## EXERCISE OBJECTIVE
Transcribe the records word for word, beginning with the first line and ending with the line that contains "snd u * fst v - snd"; include nothing else.

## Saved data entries
________________________
(* With $\lambda:=\frac{-\beta+\sqrt{-1}\sqrt{4\alpha-\beta^2}}{2}:\Omega\to\mathbb C$, the structure is rigid, i.e. $i_x+i\,i_y=0$ on $\Omega$, if and only if $\lambda_x+\lambda\,\lambda_y=0$ on $\Omega$ (ordinary complex multiplication and partial derivatives).
   Context: Let $\Omega\subset\mathbb R^2$ be open with coordinates $(x,y)$, and let $\alpha,\beta\in C^1(\Omega,\mathbb R)$ satisfy $\Delta:=4\alpha-\beta^2>0$ on $\Omega$. For $z\in\Omega$ let $A_z:=\mathbb R[X]/(X^2+\beta(z)X+\alpha(z))$ and let $i=i(z)$ denote the class of $X$, so $i^2+\beta i+\alpha=0$ and $\{1,i(z)\}$ is a real basis of $A_z$. In each fiber $2i+\beta$ is invertible with $(2i+\beta)^{-1}=(-\beta-2i)/\Delta$. The derivatives of the generator are the sections $i_x:=-(\alpha_x+\beta_x i)(2i+\beta)^{-1}$, $i_y:=-(\alpha_y+\beta_y i)(2i+\beta)^{-1}$. The structure is called rigid if $i_x+i\,i_y=0$ on $\Omega$. $\sqrt{-1}$ denotes the imaginary unit of $\mathbb C$. *)

theory Defs
  imports "HOL-Analysis.Analysis"
begin

definition px :: "(real \<times> real \<Rightarrow> 'a::real_normed_vector) \<Rightarrow> real \<times> real \<Rightarrow> 'a" where
  "px f z = vector_derivative (\<lambda>t. f (t, snd z)) (at (fst z))"

definition py :: "(real \<times> real \<Rightarrow> 'a::real_normed_vector) \<Rightarrow> real \<times> real \<Rightarrow> 'a" where
  "py f z = vector_derivative (\<lambda>t. f (fst z, t)) (at (snd z))"

definition C1_on :: "(real \<times> real) set \<Rightarrow> (real \<times> real \<Rightarrow> real) \<Rightarrow> bool" where
  "C1_on \<Omega> f \<longleftrightarrow> (\<exists>f'. (\<forall>z\<in>\<Omega>. (f has_derivative blinfun_apply (f' z)) (at z))
                         \<and> continuous_on \<Omega> f')"

text \<open>The fiber algebra A_z = R[X]/(X^2 + b X + a) (a = alpha z, b = beta z); the element
  p + q i is represented by the pair (p, q) in the basis {1, i}.  Since i^2 = - a - b i,
  (p + q i)(r + s i) = (pr - qs a) + (ps + qr - qs b) i.\<close>

definition amul :: "real \<Rightarrow> real \<Rightarrow> real \<times> real \<Rightarrow> real \<times> real \<Rightarrow> real \<times> real" where
  "amul a b u v = (fst u * fst v - snd u * snd v * a,
                   fst u * snd v + snd u * fst v - snd u * snd v * b)"

definition gen :: "real \<times> real" where "gen = (0, 1)"   \<comment> \<open>the class i of X\<close>

text \<open>(2i+beta)^{-1} = (-beta - 2i)/Delta, with Delta = 4 alpha - beta^2.\<close>
definition inv2ib :: "real \<Rightarrow> real \<Rightarrow> real \<times> real" where
  "inv2ib a b = (- b / (4*a - b^2), - 2 / (4*a - b^2))"

definition i_x :: "(real \<times> real \<Rightarrow> real) \<Rightarrow> (real \<times> real \<Rightarrow> real) \<Rightarrow> real \<times> real \<Rightarrow> real \<times> real" where
  "i_x \<alpha> \<beta> z = - amul (\<alpha> z) (\<beta> z) (px \<alpha> z, px \<beta> z) (inv2ib (\<alpha> z) (\<beta> z))"

definition i_y :: "(real \<times> real \<Rightarrow> real) \<Rightarrow> (real \<times> real \<Rightarrow> real) \<Rightarrow> real \<times> real \<Rightarrow> real \<times> real" where
  "i_y \<alpha> \<beta> z = - amul (\<alpha> z) (\<beta> z) (py \<alpha> z, py \<beta> z) (inv2ib (\<alpha> z) (\<beta> z))"

definition rigid :: "(real \<times> real) set \<Rightarrow> (real \<times> real \<Rightarrow> real) \<Rightarrow> (real \<times> real \<Rightarrow> real) \<Rightarrow> bool" where
  "rigid \<Omega> \<alpha> \<beta> \<longleftrightarrow> (\<forall>z\<in>\<Omega>. i_x \<alpha> \<beta> z + amul (\<alpha> z) (\<beta> z) gen (i_y \<alpha> \<beta> z) = 0)"

definition lam :: "(real \<times> real \<Rightarrow> real) \<Rightarrow> (real \<times> real \<Rightarrow> real) \<Rightarrow> real \<times> real \<Rightarrow> complex" where
  "lam \<alpha> \<beta> z = (- complex_of_real (\<beta> z) + \<i> * complex_of_real (sqrt (4 * \<alpha> z - (\<beta> z)^2))) / 2"

end

theory Submission
  imports Defs
begin

text \<open>The map p + q i \<mapsto> p + q \<lambda> identifies each fiber A_z with \<complex>, since \<lambda> is a root of
  X^2 + \<beta> X + \<alpha> with nonzero imaginary part. Under this identification the generator i
  corresponds to \<lambda>, and i_x, i_y correspond to the derivatives of \<lambda> obtained by implicitly
  differentiating \<lambda>^2 + \<beta> \<lambda> + \<alpha> = 0, namely \<lambda>_x = -(\<alpha>_x + \<beta>_x \<lambda>)/(2\<lambda> + \<beta>). Hence the
  rigidity equation is carried to \<lambda>_x + \<lambda> \<lambda>_y = 0 by an injective ring homomorphism.\<close>

definition upper_root :: "real \<Rightarrow> real \<Rightarrow> complex" where
  "upper_root a b = (- of_real b + \<i> * of_real (sqrt (4 * a - b^2))) / 2"

lemma lam_eq_upper_root: "lam \<alpha> \<beta> = (\<lambda>z. upper_root (\<alpha> z) (\<beta> z))"
  by (simp add: fun_eq_iff lam_def upper_root_def)

lemma upper_root_squared:
  assumes "4 * a - b^2 \<ge> 0"
  shows "upper_root a b * upper_root a b = - of_real a - of_real b * upper_root a b"
  using assms by (simp add: upper_root_def complex_eq_iff power2_eq_square field_simps)

lemma two_upper_root_plus:
  "2 * upper_root a b + of_real b = \<i> * of_real (sqrt (4 * a - b^2))"
  by (simp add: upper_root_def diff_divide_distrib)

lemma has_vector_derivative_upper_root:
  assumes "(f has_real_derivative a') (at x)" and "(g has_real_derivative b') (at x)"
    and "4 * f x - (g x)^2 > 0"
  shows "((\<lambda>t. upper_root (f t) (g t)) has_vector_derivative
          - (of_real a' + of_real b' * upper_root (f x) (g x))
            / (2 * upper_root (f x) (g x) + of_real (g x))) (at x)"
proof -
  define s where "s = sqrt (4 * f x - (g x)^2)"
  have s_pos: "s > 0"
    using assms(3) by (simp add: s_def)
  have "((\<lambda>t. 4 * f t - (g t)^2) has_real_derivative 4 * a' - 2 * g x * b') (at x)"
    using assms(1,2) by (auto intro!: derivative_eq_intros)
  from DERIV_chain2[OF DERIV_real_sqrt[OF assms(3)] this]
  have "((\<lambda>t. sqrt (4 * f t - (g t)^2)) has_real_derivative (4 * a' - 2 * g x * b') / (2 * s)) (at x)"
    by (simp add: s_def field_simps)
  then have "((\<lambda>t. upper_root (f t) (g t)) has_vector_derivative
               (- of_real b' + \<i> * of_real ((4 * a' - 2 * g x * b') / (2 * s))) / 2) (at x)"
    unfolding upper_root_def
    by (intro has_vector_derivative_divide has_vector_derivative_add has_vector_derivative_minus
        has_vector_derivative_mult_right has_vector_derivative_of_real assms(2))
  moreover have "(- of_real b' + \<i> * of_real ((4 * a' - 2 * g x * b') / (2 * s))) / 2
      = - (of_real a' + of_real b' * upper_root (f x) (g x))
          / (2 * upper_root (f x) (g x) + of_real (g x))"
  proof -
    have "(- of_real b' + \<i> * of_real ((4 * a' - 2 * g x * b') / (2 * s))) / 2 * (\<i> * of_real s)
        = - (of_real a' + of_real b' * upper_root (f x) (g x))"
      using s_pos unfolding upper_root_def s_def[symmetric] by (simp add: complex_eq_iff field_simps)
    then show ?thesis
      using s_pos by (simp add: two_upper_root_plus s_def[symmetric] eq_divide_eq)
  qed
  ultimately show ?thesis by (simp only:)
qed

definition fiber_to_complex :: "real \<Rightarrow> real \<Rightarrow> real \<times> real \<Rightarrow> complex" where
  "fiber_to_complex a b u = of_real (fst u) + of_real (snd u) * upper_root a b"

lemma fiber_to_complex_add:
  "fiber_to_complex a b (u + v) = fiber_to_complex a b u + fiber_to_complex a b v"
  by (simp add: fiber_to_complex_def algebra_simps)

lemma fiber_to_complex_minus: "fiber_to_complex a b (- u) = - fiber_to_complex a b u"
  by (simp add: fiber_to_complex_def algebra_simps)

lemma fiber_to_complex_gen: "fiber_to_complex a b gen = upper_root a b"
  by (simp add: fiber_to_complex_def gen_def)

lemma fiber_to_complex_amul:
  assumes "4 * a - b^2 \<ge> 0"
  shows "fiber_to_complex a b (amul a b u v) = fiber_to_complex a b u * fiber_to_complex a b v"
proof -
  let ?L = "upper_root a b"
  have "fiber_to_complex a b u * fiber_to_complex a b v
      = of_real (fst u * fst v) + of_real (fst u * snd v + snd u * fst v) * ?L
        + of_real (snd u * snd v) * (?L * ?L)"
    by (simp add: fiber_to_complex_def algebra_simps)
  also have "\<dots> = fiber_to_complex a b (amul a b u v)"
    unfolding upper_root_squared[OF assms] by (simp add: fiber_to_complex_def amul_def algebra_simps)
  finally show ?thesis by simp
qed

lemma fiber_to_complex_inv2ib:
  assumes "4 * a - b^2 > 0"
  shows "fiber_to_complex a b (inv2ib a b) = inverse (2 * upper_root a b + of_real b)"
proof -
  define s where "s = sqrt (4 * a - b^2)"
  have "s > 0" and s2: "4 * a - b^2 = s^2"
    using assms by (simp_all add: s_def)
  moreover have "inverse (\<i> * of_real s) = - \<i> * of_real (1 / s)"
    using \<open>s > 0\<close> by (simp add: field_simps)
  ultimately show ?thesis
    unfolding two_upper_root_plus s_def[symmetric]
    by (simp add: fiber_to_complex_def inv2ib_def upper_root_def s2 complex_eq_iff field_simps power2_eq_square)
qed

lemma fiber_to_complex_eq_0_iff:
  assumes "4 * a - b^2 > 0"
  shows "fiber_to_complex a b u = 0 \<longleftrightarrow> u = 0"
proof
  assume "fiber_to_complex a b u = 0"
  then have "Im (fiber_to_complex a b u) = 0" and "Re (fiber_to_complex a b u) = 0"
    by simp_all
  then show "u = 0"
    using assms by (cases u) (auto simp: fiber_to_complex_def upper_root_def zero_prod_def)
qed (simp add: fiber_to_complex_def zero_prod_def)

lemma fiber_to_complex_implicit_derivative:
  assumes "4 * a - b^2 > 0"
  shows "fiber_to_complex a b (- amul a b (p, q) (inv2ib a b))
       = - (of_real p + of_real q * upper_root a b) / (2 * upper_root a b + of_real b)"
proof -
  have "fiber_to_complex a b (- amul a b (p, q) (inv2ib a b))
      = - (fiber_to_complex a b (p, q) * fiber_to_complex a b (inv2ib a b))"
    using assms by (simp add: fiber_to_complex_minus fiber_to_complex_amul)
  also have "\<dots> = - fiber_to_complex a b (p, q) / (2 * upper_root a b + of_real b)"
    using assms by (simp add: fiber_to_complex_inv2ib divide_inverse)
  finally show ?thesis
    by (simp add: fiber_to_complex_def)
qed

lemma has_vector_derivative_partial_x:
  assumes "(f has_derivative f') (at z)"
  shows "((\<lambda>t. f (t, snd z)) has_vector_derivative f' (1, 0)) (at (fst z))"
proof -
  have "((\<lambda>t. (t, snd z)) has_derivative (\<lambda>h. (h, 0))) (at (fst z))"
    by (auto intro!: derivative_eq_intros)
  from has_derivative_compose[OF this, of f f'] assms
  have "((\<lambda>t. f (t, snd z)) has_derivative (\<lambda>h. f' (h, 0))) (at (fst z))"
    by (cases z) (simp add: o_def)
  moreover have "(\<lambda>h. f' (h, 0)) = (\<lambda>h. h *\<^sub>R f' (1, 0))"
  proof
    fix h
    show "f' (h, 0) = h *\<^sub>R f' (1, 0)"
      using linear_scale[OF has_derivative_linear[OF assms], of h "(1, 0)"] by simp
  qed
  ultimately show ?thesis
    by (simp add: has_vector_derivative_def)
qed

lemma has_vector_derivative_partial_y:
  assumes "(f has_derivative f') (at z)"
  shows "((\<lambda>t. f (fst z, t)) has_vector_derivative f' (0, 1)) (at (snd z))"
proof -
  have "((\<lambda>t. (fst z, t)) has_derivative (\<lambda>h. (0, h))) (at (snd z))"
    by (auto intro!: derivative_eq_intros)
  from has_derivative_compose[OF this, of f f'] assms
  have "((\<lambda>t. f (fst z, t)) has_derivative (\<lambda>h. f' (0, h))) (at (snd z))"
    by (cases z) (simp add: o_def)
  moreover have "(\<lambda>h. f' (0, h)) = (\<lambda>h. h *\<^sub>R f' (0, 1))"
  proof
    fix h
    show "f' (0, h) = h *\<^sub>R f' (0, 1)"
      using linear_scale[OF has_derivative_linear[OF assms], of h "(0, 1)"] by simp
  qed
  ultimately show ?thesis
    by (simp add: has_vector_derivative_def)
qed

lemma px_eq_derivative:
  assumes "(f has_derivative f') (at z)"
  shows "px f z = f' (1, 0)"
  unfolding px_def using vector_derivative_at[OF has_vector_derivative_partial_x[OF assms]] .

lemma py_eq_derivative:
  assumes "(f has_derivative f') (at z)"
  shows "py f z = f' (0, 1)"
  unfolding py_def using vector_derivative_at[OF has_vector_derivative_partial_y[OF assms]] .

lemma px_lam:
  assumes "(\<alpha> has_derivative \<alpha>') (at z)" and "(\<beta> has_derivative \<beta>') (at z)"
    and "4 * \<alpha> z - (\<beta> z)^2 > 0"
  shows "px (lam \<alpha> \<beta>) z
       = - (of_real (px \<alpha> z) + of_real (px \<beta> z) * lam \<alpha> \<beta> z) / (2 * lam \<alpha> \<beta> z + of_real (\<beta> z))"
proof -
  have "((\<lambda>t. \<alpha> (t, snd z)) has_real_derivative px \<alpha> z) (at (fst z))"
    and "((\<lambda>t. \<beta> (t, snd z)) has_real_derivative px \<beta> z) (at (fst z))"
    using has_vector_derivative_partial_x[OF assms(1)] has_vector_derivative_partial_x[OF assms(2)]
    by (simp_all add: px_eq_derivative[OF assms(1)] px_eq_derivative[OF assms(2)] has_real_derivative_iff_has_vector_derivative)
  from has_vector_derivative_upper_root[OF this] assms(3) show ?thesis
    by (simp add: px_def lam_eq_upper_root vector_derivative_at)
qed

lemma py_lam:
  assumes "(\<alpha> has_derivative \<alpha>') (at z)" and "(\<beta> has_derivative \<beta>') (at z)"
    and "4 * \<alpha> z - (\<beta> z)^2 > 0"
  shows "py (lam \<alpha> \<beta>) z
       = - (of_real (py \<alpha> z) + of_real (py \<beta> z) * lam \<alpha> \<beta> z) / (2 * lam \<alpha> \<beta> z + of_real (\<beta> z))"
proof -
  have "((\<lambda>t. \<alpha> (fst z, t)) has_real_derivative py \<alpha> z) (at (snd z))"
    and "((\<lambda>t. \<beta> (fst z, t)) has_real_derivative py \<beta> z) (at (snd z))"
    using has_vector_derivative_partial_y[OF assms(1)] has_vector_derivative_partial_y[OF assms(2)]
    by (simp_all add: py_eq_derivative[OF assms(1)] py_eq_derivative[OF assms(2)] has_real_derivative_iff_has_vector_derivative)
  from has_vector_derivative_upper_root[OF this] assms(3) show ?thesis
    by (simp add: py_def lam_eq_upper_root vector_derivative_at)
qed

lemma rigid_at_iff:
  assumes "(\<alpha> has_derivative \<alpha>') (at z)" and "(\<beta> has_derivative \<beta>') (at z)"
    and \<Delta>: "4 * \<alpha> z - (\<beta> z)^2 > 0"
  shows "i_x \<alpha> \<beta> z + amul (\<alpha> z) (\<beta> z) gen (i_y \<alpha> \<beta> z) = 0 \<longleftrightarrow>
         px (lam \<alpha> \<beta>) z + lam \<alpha> \<beta> z * py (lam \<alpha> \<beta>) z = 0"
proof -
  have lam_z: "lam \<alpha> \<beta> z = upper_root (\<alpha> z) (\<beta> z)"
    by (simp add: lam_eq_upper_root)
  have "fiber_to_complex (\<alpha> z) (\<beta> z) (i_x \<alpha> \<beta> z + amul (\<alpha> z) (\<beta> z) gen (i_y \<alpha> \<beta> z))
      = fiber_to_complex (\<alpha> z) (\<beta> z) (i_x \<alpha> \<beta> z)
        + upper_root (\<alpha> z) (\<beta> z) * fiber_to_complex (\<alpha> z) (\<beta> z) (i_y \<alpha> \<beta> z)"
    using \<Delta> by (simp add: fiber_to_complex_add fiber_to_complex_amul fiber_to_complex_gen)
  also have "\<dots> = px (lam \<alpha> \<beta>) z + lam \<alpha> \<beta> z * py (lam \<alpha> \<beta>) z"
    unfolding i_x_def i_y_def fiber_to_complex_implicit_derivative[OF \<Delta>]
      px_lam[OF assms] py_lam[OF assms] lam_z ..
  finally show ?thesis
    using fiber_to_complex_eq_0_iff[OF \<Delta>] by metis
qed

theorem proposition3p1:
  fixes \<Omega> :: "(real \<times> real) set" and \<alpha> \<beta> :: "real \<times> real \<Rightarrow> real"
  assumes "open \<Omega>" and "C1_on \<Omega> \<alpha>" and "C1_on \<Omega> \<beta>"
    and "\<forall>z\<in>\<Omega>. 4 * \<alpha> z - (\<beta> z)^2 > 0"
  shows "rigid \<Omega> \<alpha> \<beta> \<longleftrightarrow>
         (\<forall>z\<in>\<Omega>. px (lam \<alpha> \<beta>) z + lam \<alpha> \<beta> z * py (lam \<alpha> \<beta>) z = 0)"
proof -
  obtain A where "\<forall>z\<in>\<Omega>. (\<alpha> has_derivative blinfun_apply (A z)) (at z)"
    using assms(2) unfolding C1_on_def by blast
  moreover obtain B where "\<forall>z\<in>\<Omega>. (\<beta> has_derivative blinfun_apply (B z)) (at z)"
    using assms(3) unfolding C1_on_def by blast
  ultimately show ?thesis
    unfolding rigid_def using rigid_at_iff assms(4) by blast
qed

end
________________________
## RESPONSE
(* With $\lambda:=\frac{-\beta+\sqrt{-1}\sqrt{4\alpha-\beta^2}}{2}:\Omega\to\mathbb C$, the structure is rigid, i.e. $i_x+i\,i_y=0$ on $\Omega$, if and only if $\lambda_x+\lambda\,\lambda_y=0$ on $\Omega$ (ordinary complex multiplication and partial derivatives).
   Context: Let $\Omega\subset\mathbb R^2$ be open with coordinates $(x,y)$, and let $\alpha,\beta\in C^1(\Omega,\mathbb R)$ satisfy $\Delta:=4\alpha-\beta^2>0$ on $\Omega$. For $z\in\Omega$ let $A_z:=\mathbb R[X]/(X^2+\beta(z)X+\alpha(z))$ and let $i=i(z)$ denote the class of $X$, so $i^2+\beta i+\alpha=0$ and $\{1,i(z)\}$ is a real basis of $A_z$. In each fiber $2i+\beta$ is invertible with $(2i+\beta)^{-1}=(-\beta-2i)/\Delta$. The derivatives of the generator are the sections $i_x:=-(\alpha_x+\beta_x i)(2i+\beta)^{-1}$, $i_y:=-(\alpha_y+\beta_y i)(2i+\beta)^{-1}$. The structure is called rigid if $i_x+i\,i_y=0$ on $\Omega$. $\sqrt{-1}$ denotes the imaginary unit of $\mathbb C$. *)

theory Defs
  imports "HOL-Analysis.Analysis"
begin

definition px :: "(real \<times> real \<Rightarrow> 'a::real_normed_vector) \<Rightarrow> real \<times> real \<Rightarrow> 'a" where
  "px f z = vector_derivative (\<lambda>t. f (t, snd z)) (at (fst z))"

definition py :: "(real \<times> real \<Rightarrow> 'a::real_normed_vector) \<Rightarrow> real \<times> real \<Rightarrow> 'a" where
  "py f z = vector_derivative (\<lambda>t. f (fst z, t)) (at (snd z))"

definition C1_on :: "(real \<times> real) set \<Rightarrow> (real \<times> real \<Rightarrow> real) \<Rightarrow> bool" where
  "C1_on \<Omega> f \<longleftrightarrow> (\<exists>f'. (\<forall>z\<in>\<Omega>. (f has_derivative blinfun_apply (f' z)) (at z))
                         \<and> continuous_on \<Omega> f')"

text \<open>The fiber algebra A_z = R[X]/(X^2 + b X + a) (a = alpha z, b = beta z); the element
  p + q i is represented by the pair (p, q) in the basis {1, i}.  Since i^2 = - a - b i,
  (p + q i)(r + s i) = (pr - qs a) + (ps + qr - qs b) i.\<close>

definition amul :: "real \<Rightarrow> real \<Rightarrow> real \<times> real \<Rightarrow> real \<times> real \<Rightarrow> real \<times> real" where
  "amul a b u v = (fst u * fst v - snd u * snd v * a,
                   fst u * snd v + snd u * fst v - snd u * snd v * b)"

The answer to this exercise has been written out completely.